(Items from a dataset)
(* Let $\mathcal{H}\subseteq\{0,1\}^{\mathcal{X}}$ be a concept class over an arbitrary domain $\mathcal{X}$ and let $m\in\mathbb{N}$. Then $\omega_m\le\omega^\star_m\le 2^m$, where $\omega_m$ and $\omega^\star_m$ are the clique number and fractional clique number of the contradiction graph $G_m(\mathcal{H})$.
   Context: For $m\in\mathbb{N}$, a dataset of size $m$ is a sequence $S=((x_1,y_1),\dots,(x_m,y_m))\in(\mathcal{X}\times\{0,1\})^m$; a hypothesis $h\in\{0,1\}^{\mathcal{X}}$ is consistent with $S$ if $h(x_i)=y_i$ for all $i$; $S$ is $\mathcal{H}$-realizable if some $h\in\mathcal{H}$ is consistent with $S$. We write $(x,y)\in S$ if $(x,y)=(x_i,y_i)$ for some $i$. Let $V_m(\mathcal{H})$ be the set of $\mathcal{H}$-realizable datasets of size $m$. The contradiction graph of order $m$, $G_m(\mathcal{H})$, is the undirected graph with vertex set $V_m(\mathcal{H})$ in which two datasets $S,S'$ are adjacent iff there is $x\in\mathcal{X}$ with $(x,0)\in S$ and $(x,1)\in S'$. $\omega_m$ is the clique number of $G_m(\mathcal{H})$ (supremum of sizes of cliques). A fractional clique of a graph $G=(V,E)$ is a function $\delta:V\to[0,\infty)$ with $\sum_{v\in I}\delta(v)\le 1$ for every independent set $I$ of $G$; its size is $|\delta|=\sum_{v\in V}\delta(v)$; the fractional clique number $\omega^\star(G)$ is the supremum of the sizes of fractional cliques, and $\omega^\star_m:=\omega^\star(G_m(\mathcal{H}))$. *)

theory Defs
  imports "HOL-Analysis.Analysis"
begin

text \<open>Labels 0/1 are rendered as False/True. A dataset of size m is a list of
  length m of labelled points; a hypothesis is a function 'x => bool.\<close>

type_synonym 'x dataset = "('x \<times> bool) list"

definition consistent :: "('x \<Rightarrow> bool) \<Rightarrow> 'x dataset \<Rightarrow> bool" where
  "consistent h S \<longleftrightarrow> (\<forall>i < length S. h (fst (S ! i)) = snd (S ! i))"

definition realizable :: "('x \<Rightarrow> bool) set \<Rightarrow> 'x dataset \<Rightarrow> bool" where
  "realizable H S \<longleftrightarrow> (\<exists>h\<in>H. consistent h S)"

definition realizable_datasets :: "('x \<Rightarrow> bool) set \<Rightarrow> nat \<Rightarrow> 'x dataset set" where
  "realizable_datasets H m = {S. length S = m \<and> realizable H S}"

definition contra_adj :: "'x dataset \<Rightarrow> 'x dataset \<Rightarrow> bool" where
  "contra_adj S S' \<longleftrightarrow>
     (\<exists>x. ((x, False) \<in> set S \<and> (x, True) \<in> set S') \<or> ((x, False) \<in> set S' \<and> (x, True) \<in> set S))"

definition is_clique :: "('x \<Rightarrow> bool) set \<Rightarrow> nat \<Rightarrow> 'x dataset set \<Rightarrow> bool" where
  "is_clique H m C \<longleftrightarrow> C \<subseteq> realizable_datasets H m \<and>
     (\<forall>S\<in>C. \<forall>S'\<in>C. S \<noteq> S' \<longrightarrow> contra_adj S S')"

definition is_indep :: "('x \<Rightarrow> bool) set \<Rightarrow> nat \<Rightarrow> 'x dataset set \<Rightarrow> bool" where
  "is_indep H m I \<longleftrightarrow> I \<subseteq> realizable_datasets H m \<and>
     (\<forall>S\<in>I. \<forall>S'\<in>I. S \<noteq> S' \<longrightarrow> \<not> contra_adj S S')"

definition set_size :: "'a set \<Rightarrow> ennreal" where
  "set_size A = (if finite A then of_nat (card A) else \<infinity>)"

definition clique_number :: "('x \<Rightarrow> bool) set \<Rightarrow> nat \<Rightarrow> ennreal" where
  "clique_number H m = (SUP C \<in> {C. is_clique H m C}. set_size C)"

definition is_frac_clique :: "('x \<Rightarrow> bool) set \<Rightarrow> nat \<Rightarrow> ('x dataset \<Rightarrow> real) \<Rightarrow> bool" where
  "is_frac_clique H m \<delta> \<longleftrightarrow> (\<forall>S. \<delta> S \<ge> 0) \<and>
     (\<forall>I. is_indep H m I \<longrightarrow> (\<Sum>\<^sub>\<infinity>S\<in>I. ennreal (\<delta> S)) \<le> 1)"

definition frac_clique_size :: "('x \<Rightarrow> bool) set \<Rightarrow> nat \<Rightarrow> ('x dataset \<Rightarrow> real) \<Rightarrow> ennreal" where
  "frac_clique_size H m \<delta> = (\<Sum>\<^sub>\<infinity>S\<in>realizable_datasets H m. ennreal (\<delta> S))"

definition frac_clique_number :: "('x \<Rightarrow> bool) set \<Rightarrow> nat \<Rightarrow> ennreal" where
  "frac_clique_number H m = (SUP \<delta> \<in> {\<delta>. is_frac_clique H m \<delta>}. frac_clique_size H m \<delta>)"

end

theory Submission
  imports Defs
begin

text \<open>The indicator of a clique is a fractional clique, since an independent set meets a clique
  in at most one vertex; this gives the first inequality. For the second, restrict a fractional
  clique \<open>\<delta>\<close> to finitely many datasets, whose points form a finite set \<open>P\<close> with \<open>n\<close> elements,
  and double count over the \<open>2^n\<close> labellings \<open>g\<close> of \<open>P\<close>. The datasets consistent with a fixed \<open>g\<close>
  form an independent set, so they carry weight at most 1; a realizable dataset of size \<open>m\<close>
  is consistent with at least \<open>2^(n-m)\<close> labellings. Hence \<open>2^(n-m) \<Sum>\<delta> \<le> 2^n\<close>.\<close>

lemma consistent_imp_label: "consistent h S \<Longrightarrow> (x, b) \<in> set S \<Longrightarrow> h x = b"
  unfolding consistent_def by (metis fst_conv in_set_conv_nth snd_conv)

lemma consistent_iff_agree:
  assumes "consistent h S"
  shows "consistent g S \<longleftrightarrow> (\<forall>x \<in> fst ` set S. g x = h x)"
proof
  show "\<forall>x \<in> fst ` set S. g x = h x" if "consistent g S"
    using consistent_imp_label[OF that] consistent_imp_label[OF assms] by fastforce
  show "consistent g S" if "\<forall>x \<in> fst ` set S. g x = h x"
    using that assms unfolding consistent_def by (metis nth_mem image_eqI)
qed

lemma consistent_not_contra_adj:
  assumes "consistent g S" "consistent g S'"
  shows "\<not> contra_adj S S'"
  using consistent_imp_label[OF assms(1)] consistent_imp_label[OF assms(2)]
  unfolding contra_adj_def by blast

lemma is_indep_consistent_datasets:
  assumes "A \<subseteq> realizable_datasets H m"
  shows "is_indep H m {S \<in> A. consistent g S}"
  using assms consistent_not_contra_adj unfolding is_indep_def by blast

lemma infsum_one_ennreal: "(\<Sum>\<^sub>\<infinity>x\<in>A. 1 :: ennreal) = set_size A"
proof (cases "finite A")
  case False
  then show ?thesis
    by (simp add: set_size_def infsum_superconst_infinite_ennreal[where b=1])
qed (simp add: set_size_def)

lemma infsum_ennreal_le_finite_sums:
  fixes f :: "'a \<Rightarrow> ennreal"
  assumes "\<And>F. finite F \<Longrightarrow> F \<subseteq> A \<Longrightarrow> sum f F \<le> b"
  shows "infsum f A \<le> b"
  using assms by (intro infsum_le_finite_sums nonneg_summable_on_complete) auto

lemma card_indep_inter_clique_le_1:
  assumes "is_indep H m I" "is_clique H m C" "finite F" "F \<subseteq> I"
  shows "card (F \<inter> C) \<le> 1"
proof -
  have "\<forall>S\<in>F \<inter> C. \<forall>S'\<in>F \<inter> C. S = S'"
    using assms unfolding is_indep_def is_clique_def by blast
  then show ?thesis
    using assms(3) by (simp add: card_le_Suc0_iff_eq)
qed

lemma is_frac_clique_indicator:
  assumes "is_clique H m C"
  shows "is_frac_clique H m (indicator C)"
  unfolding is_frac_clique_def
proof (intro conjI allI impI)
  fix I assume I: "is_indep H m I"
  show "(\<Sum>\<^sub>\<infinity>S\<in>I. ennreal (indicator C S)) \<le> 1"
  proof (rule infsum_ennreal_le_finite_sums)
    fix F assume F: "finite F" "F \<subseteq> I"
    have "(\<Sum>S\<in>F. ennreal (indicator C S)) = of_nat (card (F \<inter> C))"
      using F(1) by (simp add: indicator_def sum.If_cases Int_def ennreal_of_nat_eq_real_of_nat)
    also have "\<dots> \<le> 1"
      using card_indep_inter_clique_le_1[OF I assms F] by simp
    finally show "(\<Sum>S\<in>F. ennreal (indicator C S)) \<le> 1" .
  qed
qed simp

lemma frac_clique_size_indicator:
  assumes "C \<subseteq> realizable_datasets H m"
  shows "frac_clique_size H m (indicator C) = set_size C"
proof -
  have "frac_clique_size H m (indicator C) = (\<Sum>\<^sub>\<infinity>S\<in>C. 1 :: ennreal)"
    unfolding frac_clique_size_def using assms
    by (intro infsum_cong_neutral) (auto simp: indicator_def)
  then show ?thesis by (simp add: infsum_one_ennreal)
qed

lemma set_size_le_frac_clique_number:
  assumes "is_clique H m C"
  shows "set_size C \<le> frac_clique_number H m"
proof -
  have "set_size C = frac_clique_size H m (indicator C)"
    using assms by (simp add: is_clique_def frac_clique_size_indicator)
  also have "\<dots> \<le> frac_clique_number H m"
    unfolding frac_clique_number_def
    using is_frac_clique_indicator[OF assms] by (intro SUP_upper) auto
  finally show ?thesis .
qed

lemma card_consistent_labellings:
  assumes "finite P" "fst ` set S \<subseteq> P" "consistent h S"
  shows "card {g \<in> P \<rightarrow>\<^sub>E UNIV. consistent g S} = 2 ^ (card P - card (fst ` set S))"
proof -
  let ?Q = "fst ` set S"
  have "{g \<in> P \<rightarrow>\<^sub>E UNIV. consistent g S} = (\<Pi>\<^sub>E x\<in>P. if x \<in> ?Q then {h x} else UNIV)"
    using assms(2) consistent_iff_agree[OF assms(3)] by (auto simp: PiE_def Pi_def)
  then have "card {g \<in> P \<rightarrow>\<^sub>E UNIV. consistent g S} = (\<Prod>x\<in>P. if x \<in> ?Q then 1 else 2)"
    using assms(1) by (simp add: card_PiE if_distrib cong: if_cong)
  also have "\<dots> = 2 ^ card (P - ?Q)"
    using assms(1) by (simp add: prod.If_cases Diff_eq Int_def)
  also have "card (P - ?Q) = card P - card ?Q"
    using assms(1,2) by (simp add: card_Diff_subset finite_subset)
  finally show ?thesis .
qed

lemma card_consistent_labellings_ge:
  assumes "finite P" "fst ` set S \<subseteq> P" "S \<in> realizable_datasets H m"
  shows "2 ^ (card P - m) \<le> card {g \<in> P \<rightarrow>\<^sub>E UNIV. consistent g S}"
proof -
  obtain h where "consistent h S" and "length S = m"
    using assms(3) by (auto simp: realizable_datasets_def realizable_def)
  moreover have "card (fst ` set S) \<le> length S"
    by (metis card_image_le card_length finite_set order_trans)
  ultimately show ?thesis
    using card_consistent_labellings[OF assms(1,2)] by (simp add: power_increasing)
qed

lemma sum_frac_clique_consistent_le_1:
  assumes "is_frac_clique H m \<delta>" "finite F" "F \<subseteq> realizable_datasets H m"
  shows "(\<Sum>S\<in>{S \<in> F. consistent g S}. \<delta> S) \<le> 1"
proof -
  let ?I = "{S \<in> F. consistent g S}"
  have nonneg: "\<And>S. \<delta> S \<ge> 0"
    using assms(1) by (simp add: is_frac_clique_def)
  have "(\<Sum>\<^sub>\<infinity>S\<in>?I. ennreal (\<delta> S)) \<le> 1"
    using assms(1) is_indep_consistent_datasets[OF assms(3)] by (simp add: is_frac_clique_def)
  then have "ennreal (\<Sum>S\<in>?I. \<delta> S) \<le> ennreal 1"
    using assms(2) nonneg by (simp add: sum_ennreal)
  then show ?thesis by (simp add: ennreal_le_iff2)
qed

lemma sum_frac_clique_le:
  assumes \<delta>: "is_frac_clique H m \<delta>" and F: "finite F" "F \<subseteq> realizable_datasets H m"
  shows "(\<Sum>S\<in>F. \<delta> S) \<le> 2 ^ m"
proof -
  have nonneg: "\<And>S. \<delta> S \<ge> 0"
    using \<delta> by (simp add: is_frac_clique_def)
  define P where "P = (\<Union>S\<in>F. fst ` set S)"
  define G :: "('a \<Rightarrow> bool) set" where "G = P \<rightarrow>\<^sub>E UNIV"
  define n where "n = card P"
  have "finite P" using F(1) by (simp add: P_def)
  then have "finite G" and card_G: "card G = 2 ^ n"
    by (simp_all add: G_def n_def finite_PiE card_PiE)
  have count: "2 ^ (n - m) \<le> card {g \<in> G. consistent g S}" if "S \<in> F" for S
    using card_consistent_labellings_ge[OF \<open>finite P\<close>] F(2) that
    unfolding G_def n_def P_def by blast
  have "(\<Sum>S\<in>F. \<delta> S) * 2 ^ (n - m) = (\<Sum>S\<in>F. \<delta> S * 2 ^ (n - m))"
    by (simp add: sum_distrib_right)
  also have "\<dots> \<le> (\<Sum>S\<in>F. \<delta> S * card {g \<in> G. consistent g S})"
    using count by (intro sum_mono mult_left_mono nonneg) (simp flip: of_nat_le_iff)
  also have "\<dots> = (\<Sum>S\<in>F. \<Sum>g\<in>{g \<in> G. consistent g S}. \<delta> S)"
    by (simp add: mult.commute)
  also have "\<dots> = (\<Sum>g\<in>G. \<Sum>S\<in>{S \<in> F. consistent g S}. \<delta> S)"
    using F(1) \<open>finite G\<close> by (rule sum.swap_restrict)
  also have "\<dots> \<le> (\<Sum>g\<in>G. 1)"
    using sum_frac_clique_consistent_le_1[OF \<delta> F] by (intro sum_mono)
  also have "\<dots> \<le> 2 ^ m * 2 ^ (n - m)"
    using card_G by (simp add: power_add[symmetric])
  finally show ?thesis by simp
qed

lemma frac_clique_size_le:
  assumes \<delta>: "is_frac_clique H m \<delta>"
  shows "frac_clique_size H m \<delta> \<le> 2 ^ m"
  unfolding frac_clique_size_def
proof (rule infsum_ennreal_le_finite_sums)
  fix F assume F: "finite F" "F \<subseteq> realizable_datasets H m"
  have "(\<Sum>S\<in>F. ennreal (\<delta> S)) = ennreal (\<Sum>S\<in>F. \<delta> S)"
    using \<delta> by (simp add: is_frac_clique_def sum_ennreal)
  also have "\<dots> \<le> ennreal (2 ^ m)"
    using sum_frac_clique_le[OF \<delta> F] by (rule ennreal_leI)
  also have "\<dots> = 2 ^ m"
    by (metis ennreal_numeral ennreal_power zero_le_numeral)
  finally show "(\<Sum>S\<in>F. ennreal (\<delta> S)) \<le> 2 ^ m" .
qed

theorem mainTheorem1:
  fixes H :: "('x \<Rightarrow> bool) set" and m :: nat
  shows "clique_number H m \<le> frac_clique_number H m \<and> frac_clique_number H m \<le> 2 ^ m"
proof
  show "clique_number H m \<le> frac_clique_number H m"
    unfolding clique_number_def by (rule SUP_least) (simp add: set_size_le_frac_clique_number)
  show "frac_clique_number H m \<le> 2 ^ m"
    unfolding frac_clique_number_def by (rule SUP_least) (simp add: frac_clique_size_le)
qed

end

Exercise: Return, from the entries, each line that holds "independent".

Exercise output:
   Context: For $m\in\mathbb{N}$, a dataset of size $m$ is a sequence $S=((x_1,y_1),\dots,(x_m,y_m))\in(\mathcal{X}\times\{0,1\})^m$; a hypothesis $h\in\{0,1\}^{\mathcal{X}}$ is consistent with $S$ if $h(x_i)=y_i$ for all $i$; $S$ is $\mathcal{H}$-realizable if some $h\in\mathcal{H}$ is consistent with $S$. We write $(x,y)\in S$ if $(x,y)=(x_i,y_i)$ for some $i$. Let $V_m(\mathcal{H})$ be the set of $\mathcal{H}$-realizable datasets of size $m$. The contradiction graph of order $m$, $G_m(\mathcal{H})$, is the undirected graph with vertex set $V_m(\mathcal{H})$ in which two datasets $S,S'$ are adjacent iff there is $x\in\mathcal{X}$ with $(x,0)\in S$ and $(x,1)\in S'$. $\omega_m$ is the clique number of $G_m(\mathcal{H})$ (supremum of sizes of cliques). A fractional clique of a graph $G=(V,E)$ is a function $\delta:V\to[0,\infty)$ with $\sum_{v\in I}\delta(v)\le 1$ for every independent set $I$ of $G$; its size is $|\delta|=\sum_{v\in V}\delta(v)$; the fractional clique number $\omega^\star(G)$ is the supremum of the sizes of fractional cliques, and $\omega^\star_m:=\omega^\star(G_m(\mathcal{H}))$. *)
text \<open>The indicator of a clique is a fractional clique, since an independent set meets a clique
  form an independent set, so they carry weight at most 1; a realizable dataset of size \<open>m\<close>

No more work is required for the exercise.